In all of the curves shown in Figure 3, small peaks can be observed every five cycles. These are the cycles that followed the 2 min rest breaks. Although the rest breaks resulted in transient increases in direction error for a single cycle, these increases did not appear to affect the shape of the learning curve otherwise. Note that the decrease in direction error from the cycle immediately after the break (i.e., the cycle exhibiting the peak in error) to the next cycle tended to be large. Thus, qualitatively, subjects appeared to recover rapidly after the break and stay on course in terms of adaptation.

To quantify the learning curves shown in Figure 3, we adopted the procedure used by Krakauer et al. (1999). Specifically, for each subject we computed the average directional error over the second and third cycles as well as the average directional error over the last two cycles (cycles 29 and 30). We then averaged these errors across subjects to obtain mean values. The bar graphs in Figure4 depict the mean directional errors over the second and third cycles for each experimental group and for day 1 (solid bars) and day 2 (dashed bars). Theinner gray bars represent the corresponding directional errors over the last two cycles.

Fig. 4.

Fig. 4.

Initial and final angular errors under the visuomotor rotation. The height of each white barrepresents the angular error averaged over the second and third cycles; the height of each gray bar represents the corresponding angular error averaged over the 29th and 30th cycles. The bars outlined with solid and dashed lines represent days 1 and 2, respectively. Separate means are reported for each of the three experimental groups. Vertical lines represent the SE.
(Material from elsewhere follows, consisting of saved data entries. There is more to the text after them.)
lemma resolvent_bounds: "0 \<le> resolvent \<gamma> K x y" "resolvent \<gamma> K x y \<le> 1 / (1 - \<gamma>)"
proof -
  have nonneg: "0 \<le> \<gamma> ^ n * kernel_pow K n x y" for n
    using kernel_pow_bounds discount by simp
  then show "0 \<le> resolvent \<gamma> K x y"
    unfolding resolvent_def by (intro suminf_nonneg summable_kernel_pow)
  have "resolvent \<gamma> K x y \<le> (\<Sum>n. \<gamma> ^ n)"
    unfolding resolvent_def using discount kernel_pow_bounds
    by (intro suminf_le summable_kernel_pow) (auto simp: mult_left_le)
  also have "\<dots> = 1 / (1 - \<gamma>)" using discount by (simp add: suminf_geometric)
  finally show "resolvent \<gamma> K x y \<le> 1 / (1 - \<gamma>)" .
qed

lemma summable_kernel_pow_sum:
  "summable (\<lambda>n. \<Sum>x\<in>UNIV. \<Sum>y\<in>UNIV. c x y * (\<gamma> ^ n * kernel_pow K n x y))"
  by (intro summable_sum summable_mult summable_kernel_pow)

lemma suminf_kernel_pow_sum:
  "(\<Sum>n. \<Sum>x\<in>UNIV. \<Sum>y\<in>UNIV. c x y * (\<gamma> ^ n * kernel_pow K n x y)) =
    (\<Sum>x\<in>UNIV. \<Sum>y\<in>UNIV. c x y * resolvent \<gamma> K x y)"
proof -
  have "(\<Sum>n. \<Sum>y\<in>UNIV. c x y * (\<gamma> ^ n * kernel_pow K n x y)) = (\<Sum>y\<in>UNIV. c x y * resolvent \<gamma> K x y)" for x
    unfolding resolvent_def
    by (subst suminf_sum) (auto intro!: sum.cong suminf_mult summable_mult summable_kernel_pow)
  then show ?thesis
    by (subst suminf_sum) (auto intro!: summable_sum summable_mult summable_kernel_pow)
qed

lemma resolvent_unfold_right:
  "resolvent \<gamma> K x y = (if y = x then 1 else 0) + \<gamma> * (\<Sum>z\<in>UNIV. resolvent \<gamma> K x z * K z y)"
proof -
  have "(\<Sum>n. \<gamma> ^ Suc n * kernel_pow K (Suc n) x y) = (\<Sum>n. \<Sum>z\<in>UNIV. \<gamma> * (\<gamma> ^ n * kernel_pow K n x z * K z y))"
    by (simp add: sum_distrib_left mult_ac)
  also have "\<dots> = \<gamma> * (\<Sum>z\<in>UNIV. resolvent \<gamma> K x z * K z y)"
    unfolding resolvent_def
    by (simp add: suminf_sum summable_kernel_pow summable_mult summable_mult2 suminf_mult suminf_mult2
        sum_distrib_left)
  moreover have "resolvent \<gamma> K x y = kernel_pow K 0 x y + (\<Sum>n. \<gamma> ^ Suc n * kernel_pow K (Suc n) x y)"
    unfolding resolvent_def using suminf_split_head[OF summable_kernel_pow, of x y] by simp
  ultimately show ?thesis by simp
qed

lemma resolvent_unfold_left:
  "resolvent \<gamma> K x y = (if y = x then 1 else 0) + \<gamma> * (\<Sum>z\<in>UNIV. K x z * resolvent \<gamma> K z y)"
proof -
  have "(\<Sum>n. \<gamma> ^ Suc n * kernel_pow K (Suc n) x y) = (\<Sum>n. \<Sum>z\<in>UNIV. \<gamma> * (K x z * (\<gamma> ^ n * kernel_pow K n z y)))"
    unfolding kernel_pow_Suc_left by (simp add: sum_distrib_left mult_ac del: kernel_pow.simps)
  also have "\<dots> = \<gamma> * (\<Sum>z\<in>UNIV. K x z * resolvent \<gamma> K z y)"
    unfolding resolvent_def
    by (simp add: suminf_sum summable_kernel_pow summable_mult suminf_mult sum_distrib_left)
  moreover have "resolvent \<gamma> K x y = kernel_pow K 0 x y + (\<Sum>n. \<gamma> ^ Suc n * kernel_pow K (Suc n) x y)"
    unfolding resolvent_def using suminf_split_head[OF summable_kernel_pow, of x y] by simp
  ultimately show ?thesis by simp
qed

end

lemma resolvent_diff:
  assumes "0 \<le> \<gamma>" "\<gamma> < 1" and "\<And>x. is_distr (K x)" "\<And>x. is_distr (L x)"
  shows "resolvent \<gamma> K x y - resolvent \<gamma> L x y =
    \<gamma> * (\<Sum>z\<in>UNIV. \<Sum>w\<in>UNIV. resolvent \<gamma> K x z * (K z w - L z w) * resolvent \<gamma> L w y)"
proof -
  let ?R\<^sub>K = "resolvent \<gamma> K" and ?R\<^sub>L = "resolvent \<gamma> L"
  have K_step: "\<gamma> * (\<Sum>z\<in>UNIV. ?R\<^sub>K x z * K z w) = ?R\<^sub>K x w - (if w = x then 1 else 0)" for w
    using resolvent_unfold_right[where K = K and x = x and y = w, OF assms(1-3)] by linarith
  have L_step: "\<gamma> * (\<Sum>w\<in>UNIV. L z w * ?R\<^sub>L w y) = ?R\<^sub>L z y - (if y = z then 1 else 0)" for z
    using resolvent_unfold_left[where K = L and x = z and y = y, OF assms(1,2,4)] by linarith
  have "\<gamma> * (\<Sum>z\<in>UNIV. \<Sum>w\<in>UNIV. ?R\<^sub>K x z * K z w * ?R\<^sub>L w y)
      = (\<Sum>w\<in>UNIV. (\<gamma> * (\<Sum>z\<in>UNIV. ?R\<^sub>K x z * K z w)) * ?R\<^sub>L w y)"
    by (subst sum.swap) (simp add: sum_distrib_left sum_distrib_right mult_ac)
  also have "\<dots> = (\<Sum>w\<in>UNIV. (?R\<^sub>K x w - (if w = x then 1 else 0)) * ?R\<^sub>L w y)"
    by (simp only: K_step)
  also have "\<dots> = (\<Sum>w\<in>UNIV. ?R\<^sub>K x w * ?R\<^sub>L w y) - ?R\<^sub>L x y"
    by (simp add: left_diff_distrib sum_subtractf if_distrib[of "\<lambda>c. c * _"] sum.delta' cong: if_cong)
  finally have 1: "\<gamma> * (\<Sum>z\<in>UNIV. \<Sum>w\<in>UNIV. ?R\<^sub>K x z * K z w * ?R\<^sub>L w y)
      = (\<Sum>w\<in>UNIV. ?R\<^sub>K x w * ?R\<^sub>L w y) - ?R\<^sub>L x y" .
  have "\<gamma> * (\<Sum>z\<in>UNIV. \<Sum>w\<in>UNIV. ?R\<^sub>K x z * L z w * ?R\<^sub>L w y)
      = (\<Sum>z\<in>UNIV. ?R\<^sub>K x z * (\<gamma> * (\<Sum>w\<in>UNIV. L z w * ?R\<^sub>L w y)))"
    by (simp add: sum_distrib_left mult_ac)
  also have "\<dots> = (\<Sum>z\<in>UNIV. ?R\<^sub>K x z * (?R\<^sub>L z y - (if y = z then 1 else 0)))"
    by (simp only: L_step)
  also have "\<dots> = (\<Sum>z\<in>UNIV. ?R\<^sub>K x z * ?R\<^sub>L z y) - ?R\<^sub>K x y"
    by (simp add: right_diff_distrib sum_subtractf if_distrib[of "\<lambda>c. _ * c"] sum.delta cong: if_cong)
  finally have 0: "\<gamma> * (\<Sum>z\<in>UNIV. \<Sum>w\<in>UNIV. ?R\<^sub>K x z * L z w * ?R\<^sub>L w y)
      = (\<Sum>z\<in>UNIV. ?R\<^sub>K x z * ?R\<^sub>L z y) - ?R\<^sub>K x y" .
  show ?thesis
    using 1 0 by (simp add: left_diff_distrib right_diff_distrib sum_subtractf)
qed

section \<open>Differentiating the resolvent along a family of kernels\<close>

context
  fixes \<gamma> :: real and K :: "'p::real_normed_vector \<Rightarrow> 'n::finite \<Rightarrow> 'n \<Rightarrow> real"
    and K' :: "'n \<Rightarrow> 'n \<Rightarrow> 'p \<Rightarrow> real" and \<theta> :: 'p
  assumes discount: "0 \<le> \<gamma>" "\<gamma> < 1" and stochastic: "\<And>t x. is_distr (K t x)"
    and kernel_deriv: "\<And>x y. ((\<lambda>t. K t x y) has_derivative K' x y) (at \<theta>)"
begin

lemma continuous_resolvent: "continuous (at \<theta>) (\<lambda>t. resolvent \<gamma> (K t) x y)"
proof -
  let ?C = "1 / (1 - \<gamma>)"
  have abs_R: "\<bar>resolvent \<gamma> (K t) u v\<bar> \<le> ?C" for t u v
    using resolvent_bounds[where K = "K t" for t, OF discount stochastic] by (simp add: abs_le_iff)
  have bound: "\<bar>resolvent \<gamma> (K t) x y - resolvent \<gamma> (K \<theta>) x y\<bar>
      \<le> \<gamma> * (\<Sum>z\<in>UNIV. \<Sum>w\<in>UNIV. ?C * \<bar>K t z w - K \<theta> z w\<bar> * ?C)" for t
  proof -
    have "\<bar>\<Sum>z\<in>UNIV. \<Sum>w\<in>UNIV. resolvent \<gamma> (K t) x z * (K t z w - K \<theta> z w) * resolvent \<gamma> (K \<theta>) w y\<bar>
        \<le> (\<Sum>z\<in>UNIV. \<Sum>w\<in>UNIV. ?C * \<bar>K t z w - K \<theta> z w\<bar> * ?C)"
    proof (intro order.trans[OF sum_abs] sum_mono order.trans[OF sum_abs])
      fix z w
      have "0 \<le> ?C" using discount by simp
      then show "\<bar>resolvent \<gamma> (K t) x z * (K t z w - K \<theta> z w) * resolvent \<gamma> (K \<theta>) w y\<bar>
          \<le> ?C * \<bar>K t z w - K \<theta> z w\<bar> * ?C"
        unfolding abs_mult by (intro mult_mono abs_R order_refl) simp_all
    qed
    then show ?thesis
      using resolvent_diff[where K = "K t" and L = "K \<theta>", OF discount stochastic stochastic] discount
      by (simp add: abs_mult mult_left_mono)
  qed
  have "(\<lambda>t. K t z w) \<midarrow>\<theta>\<rightarrow> K \<theta> z w" for z w
    using has_derivative_continuous[OF kernel_deriv] by (simp add: continuous_at)
  then have "(\<lambda>t. \<gamma> * (\<Sum>z\<in>UNIV. \<Sum>w\<in>UNIV. ?C * \<bar>K t z w - K \<theta> z w\<bar> * ?C)) \<midarrow>\<theta>\<rightarrow>
      \<gamma> * (\<Sum>z\<in>UNIV. \<Sum>w\<in>UNIV. ?C * \<bar>K \<theta> z w - K \<theta> z w\<bar> * ?C)"
    by (intro tendsto_intros)
  then have "(\<lambda>t. \<gamma> * (\<Sum>z\<in>UNIV. \<Sum>w\<in>UNIV. ?C * \<bar>K t z w - K \<theta> z w\<bar> * ?C)) \<midarrow>\<theta>\<rightarrow> 0"
    by simp
  then have "(\<lambda>t. resolvent \<gamma> (K t) x y - resolvent \<gamma> (K \<theta>) x y) \<midarrow>\<theta>\<rightarrow> 0"
    by (rule Lim_null_comparison[OF always_eventually, rotated]) (use bound in simp)
  then show ?thesis
    unfolding continuous_at by (rule LIM_zero_cancel)
qed

lemma resolvent_has_derivative:
  "((\<lambda>t. resolvent \<gamma> (K t) x y) has_derivative
     (\<lambda>v. \<gamma> * (\<Sum>z\<in>UNIV. \<Sum>w\<in>UNIV. resolvent \<gamma> (K \<theta>) x z * K' z w v * resolvent \<gamma> (K \<theta>) w y))) (at \<theta>)"
proof -
  let ?R = "\<lambda>t. resolvent \<gamma> (K t)"
  have "(\<lambda>t. ?R t x y) = (\<lambda>t. ?R \<theta> x y +
      \<gamma> * (\<Sum>z\<in>UNIV. \<Sum>w\<in>UNIV. ?R t x z * ((K t z w - K \<theta> z w) * ?R \<theta> w y)))"
  proof
    fix t
    show "?R t x y = ?R \<theta> x y + \<gamma> * (\<Sum>z\<in>UNIV. \<Sum>w\<in>UNIV. ?R t x z * ((K t z w - K \<theta> z w) * ?R \<theta> w y))"
      using resolvent_diff[where K = "K t" and L = "K \<theta>", OF discount stochastic stochastic, of x y]
      unfolding mult.assoc by linarith
  qed
  moreover have "((\<lambda>t. ?R t x z * ((K t z w - K \<theta> z w) * ?R \<theta> w y)) has_derivative
      (\<lambda>v. ?R \<theta> x z * ((K' z w v - 0) * ?R \<theta> w y))) (at \<theta>)" for z w
    by (rule has_derivative_mult_vanishing[OF continuous_resolvent])
      (intro has_derivative_mult_left has_derivative_diff kernel_deriv has_derivative_const, simp)
  then have "((\<lambda>t. ?R \<theta> x y + \<gamma> * (\<Sum>z\<in>UNIV. \<Sum>w\<in>UNIV. ?R t x z * ((K t z w - K \<theta> z w) * ?R \<theta> w y)))
      has_derivative (\<lambda>v. 0 + \<gamma> * (\<Sum>z\<in>UNIV. \<Sum>w\<in>UNIV. ?R \<theta> x z * ((K' z w v - 0) * ?R \<theta> w y)))) (at \<theta>)"
    by (intro has_derivative_add has_derivative_const has_derivative_mult_right has_derivative_sum)
  ultimately show ?thesis
    by (simp add: mult.assoc)
qed

end

section \<open>Value functions through the resolvent\<close>

definition state_kernel :: "('s::finite \<Rightarrow> 'a::finite \<Rightarrow> 's \<Rightarrow> real) \<Rightarrow> ('s \<Rightarrow> 'a \<Rightarrow> real) \<Rightarrow> 's \<Rightarrow> 's \<Rightarrow> real" where
  "state_kernel P pol s s' = (\<Sum>a\<in>UNIV. pol s a * P s a s')"

definition policy_reward :: "('s::finite \<Rightarrow> 'a::finite \<Rightarrow> real) \<Rightarrow> ('s \<Rightarrow> 'a \<Rightarrow> real) \<Rightarrow> 's \<Rightarrow> real" where
  "policy_reward pol u s = (\<Sum>a\<in>UNIV. pol s a * u s a)"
To test our main hypotheses, we performed two comparisons involving orthogonal partial interactions between day and group with the directional error over the second and third cycles as the dependent variable. First, to assess the overall effect of dynamic learning (independent of visual feedback conditions) we examined the interaction between day and group while combining groups 2 and 3. A highly reliable effect was observed (F(1,24) = 26.76;p < 0.001), indicating that dynamic learning interfered with kinematic learning. To test whether this effect was mediated by visual feedback conditions, we assessed the orthogonal interaction between day and group in which only groups 2 and 3 were included in the analysis. In this case, a significant interaction was not found (F(1,16) = 0.41;p = 0.531). Thus, we found no evidence that the level of interference observed between dynamic and kinematic learning depends on whether subjects received visual feedback during dynamic learning.
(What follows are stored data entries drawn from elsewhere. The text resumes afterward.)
(* Let $\mathcal T$ be a tube. If $S_1,S_2$ are two non-isomorphic simple objects of $\mathcal T$ with $\mathrm{Ext}^1_{\mathcal T}(S_1,S_2)=0$, then there exists an object $M$ of $\mathcal T$ such that $\mathrm{Ext}^1_{\mathcal T}(S_1,M)\cong\Bbbk$, $\mathrm{Ext}^1_{\mathcal T}(M,S_2)\cong\Bbbk$, and $\{S_1,S_2,M\}$ is a brick set.
   Context: $\Bbbk$ is algebraically closed. A tube (of rank $r\ge1$) is the $\Bbbk$-linear abelian category of finite-dimensional nilpotent representations of the quiver with $r$ vertices forming an oriented cycle. A brick is an object $M$ with $\mathrm{Hom}(M,M)=\Bbbk$; a brick set is a finite set of bricks $\{X_1,\dots,X_n\}$ with $\dim\mathrm{Hom}(X_i,X_j)=\delta_{ij}$. *)

theory Defs
  imports "HOL-Library.Function_Algebras" "HOL-Computational_Algebra.Polynomial"
begin

definition alg_closed :: "'a::field itself \<Rightarrow> bool" where
  "alg_closed _ \<longleftrightarrow> (\<forall>p :: 'a poly. degree p \<ge> 1 \<longrightarrow> (\<exists>x. poly p x = 0))"

(* Finite matrices encoded as functions nat => nat => 'a (row, column), zero-padded.
   A representation of the cyclic quiver with r vertices 0..r-1 and arrows i -> (i+1) mod r
   is a pair (d, f): d i = dimension of the space at vertex i,
   f i = matrix (of size d((i+1) mod r) x d i) of the map V_i -> V_{(i+1) mod r}. *)
type_synonym 'a mat = "nat \<Rightarrow> nat \<Rightarrow> 'a"
type_synonym 'a rep = "(nat \<Rightarrow> nat) \<times> (nat \<Rightarrow> 'a mat)"

definition nxt :: "nat \<Rightarrow> nat \<Rightarrow> nat" where
  "nxt r i = Suc i mod r"

definition mmul :: "'a::comm_ring_1 mat \<Rightarrow> 'a mat \<Rightarrow> nat \<Rightarrow> 'a mat" where
  "mmul A B n = (\<lambda>a c. \<Sum>b<n. A a b * B b c)"

definition mvec :: "'a::comm_ring_1 mat \<Rightarrow> nat \<Rightarrow> (nat \<Rightarrow> 'a) \<Rightarrow> (nat \<Rightarrow> 'a)" where
  "mvec A n v = (\<lambda>a. \<Sum>b<n. A a b * v b)"

definition idmat :: "nat \<Rightarrow> 'a::comm_ring_1 mat" where
  "idmat n = (\<lambda>a b. if a = b \<and> a < n then 1 else 0)"

fun path_map :: "nat \<Rightarrow> 'a::comm_ring_1 rep \<Rightarrow> nat \<Rightarrow> nat \<Rightarrow> 'a mat" where
  "path_map r M i 0 = idmat (fst M i)"
| "path_map r M i (Suc k) = mmul (snd M ((i + k) mod r)) (path_map r M i k) (fst M ((i + k) mod r))"

(* an object of the tube of rank r: a finite-dimensional nilpotent representation *)
definition tube_obj :: "nat \<Rightarrow> 'a::comm_ring_1 rep \<Rightarrow> bool" where
  "tube_obj r M \<longleftrightarrow>
     (\<forall>i\<ge>r. fst M i = 0) \<and>
     (\<forall>i a b. (i \<ge> r \<or> a \<ge> fst M (nxt r i) \<or> b \<ge> fst M i) \<longrightarrow> snd M i a b = 0) \<and>
     (\<exists>N. \<forall>i<r. path_map r M i N = (\<lambda>a b. 0))"

definition vscale :: "'a::field \<Rightarrow> (nat \<Rightarrow> 'a) \<Rightarrow> (nat \<Rightarrow> 'a)" where
  "vscale c v = (\<lambda>a. c * v a)"

definition tscale :: "'a::field \<Rightarrow> (nat \<Rightarrow> 'a mat) \<Rightarrow> (nat \<Rightarrow> 'a mat)" where
  "tscale c g = (\<lambda>i a b. c * g i a b)"

definition tdim :: "(nat \<Rightarrow> 'a::field mat) set \<Rightarrow> nat" where
  "tdim S = vector_space.dim tscale S"

(* C0(M,N) = (+)_i Hom_k(M_i, N_i) *)
definition C0 :: "nat \<Rightarrow> 'a::field rep \<Rightarrow> 'a rep \<Rightarrow> (nat \<Rightarrow> 'a mat) set" where
  "C0 r M N = {g. \<forall>i a b. (i \<ge> r \<or> a \<ge> fst N i \<or> b \<ge> fst M i) \<longrightarrow> g i a b = 0}"

(* C1(M,N) = (+)_{arrows i -> i+1} Hom_k(M_i, N_{i+1}) *)
definition C1 :: "nat \<Rightarrow> 'a::field rep \<Rightarrow> 'a rep \<Rightarrow> (nat \<Rightarrow> 'a mat) set" where
  "C1 r M N = {h. \<forall>i a b. (i \<ge> r \<or> a \<ge> fst N (nxt r i) \<or> b \<ge> fst M i) \<longrightarrow> h i a b = 0}"

definition delta :: "nat \<Rightarrow> 'a::field rep \<Rightarrow> 'a rep \<Rightarrow> (nat \<Rightarrow> 'a mat) \<Rightarrow> (nat \<Rightarrow> 'a mat)" where
  "delta r M N g = (\<lambda>i a b. if i < r then
       mmul (g (nxt r i)) (snd M i) (fst M (nxt r i)) a b - mmul (snd N i) (g i) (fst N i) a b
     else 0)"

definition Hom :: "nat \<Rightarrow> 'a::field rep \<Rightarrow> 'a rep \<Rightarrow> (nat \<Rightarrow> 'a mat) set" where
  "Hom r M N = {g \<in> C0 r M N. delta r M N g = (\<lambda>i a b. 0)}"

definition hom_dim :: "nat \<Rightarrow> 'a::field rep \<Rightarrow> 'a rep \<Rightarrow> nat" where
  "hom_dim r M N = tdim (Hom r M N)"

(* Ext^1(M,N) = cokernel of delta : C0 -> C1 (standard projective resolution of
   representations of a quiver); its dimension *)
definition ext1_dim :: "nat \<Rightarrow> 'a::field rep \<Rightarrow> 'a rep \<Rightarrow> nat" where
  "ext1_dim r M N = tdim (C1 r M N) - tdim (delta r M N ` C0 r M N)"

definition hcomp :: "'a::field rep \<Rightarrow> (nat \<Rightarrow> 'a mat) \<Rightarrow> (nat \<Rightarrow> 'a mat) \<Rightarrow> (nat \<Rightarrow> 'a mat)" where
  "hcomp M h g = (\<lambda>i. mmul (h i) (g i) (fst M i))"

definition iso :: "nat \<Rightarrow> 'a::field rep \<Rightarrow> 'a rep \<Rightarrow> bool" where
  "iso r M N \<longleftrightarrow> (\<exists>g \<in> Hom r M N. \<exists>h \<in> Hom r N M.
      (\<forall>i<r. hcomp N h g i = idmat (fst M i)) \<and> (\<forall>i<r. hcomp M g h i = idmat (fst N i)))"

(* the space at vertex i, as zero-padded coordinate vectors *)
definition space :: "'a::field rep \<Rightarrow> nat \<Rightarrow> (nat \<Rightarrow> 'a) set" where
  "space M i = {v. \<forall>a\<ge>fst M i. v a = 0}"

definition subrep :: "nat \<Rightarrow> 'a::field rep \<Rightarrow> (nat \<Rightarrow> (nat \<Rightarrow> 'a) set) \<Rightarrow> bool" where
  "subrep r M U \<longleftrightarrow> (\<forall>i<r. module.subspace vscale (U i) \<and> U i \<subseteq> space M i \<and>
      mvec (snd M i) (fst M i) ` U i \<subseteq> U (nxt r i))"

definition simple_obj :: "nat \<Rightarrow> 'a::field rep \<Rightarrow> bool" where
  "simple_obj r M \<longleftrightarrow> tube_obj r M \<and> (\<exists>i<r. fst M i > 0) \<and>
     (\<forall>U. subrep r M U \<longrightarrow> (\<forall>i<r. U i = {0}) \<or> (\<forall>i<r. U i = space M i))"

(* brick set given as a list X_1..X_n: dim Hom(X_i,X_j) = delta_ij (implies each X_i a brick) *)
definition brick_set :: "nat \<Rightarrow> 'a::field rep list \<Rightarrow> bool" where
  "brick_set r Xs \<longleftrightarrow> (\<forall>X\<in>set Xs. tube_obj r X) \<and>
     (\<forall>i<length Xs. \<forall>j<length Xs. hom_dim r (Xs ! i) (Xs ! j) = (if i = j then 1 else 0))"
Exposure to the position-dependent rotary force field clearly interfered with retention of the position-dependent visuomotor rotation. However, limited retention of the latter was observed. When combining the two groups exposed to the force field (groups 2 and 3), the initial directional error (in the second and third cycles) was 19.4° on day 1 and 13.2° on day 2, an improvement of 6.2°. Although this level of retention was markedly smaller than the level observed for the control group (a difference across days of 15.8°), it was nevertheless reliable (F(1,16)= 38.41; p < 0.001). Thus, dynamic learning did not result in a complete absence of consolidation of kinematic learning.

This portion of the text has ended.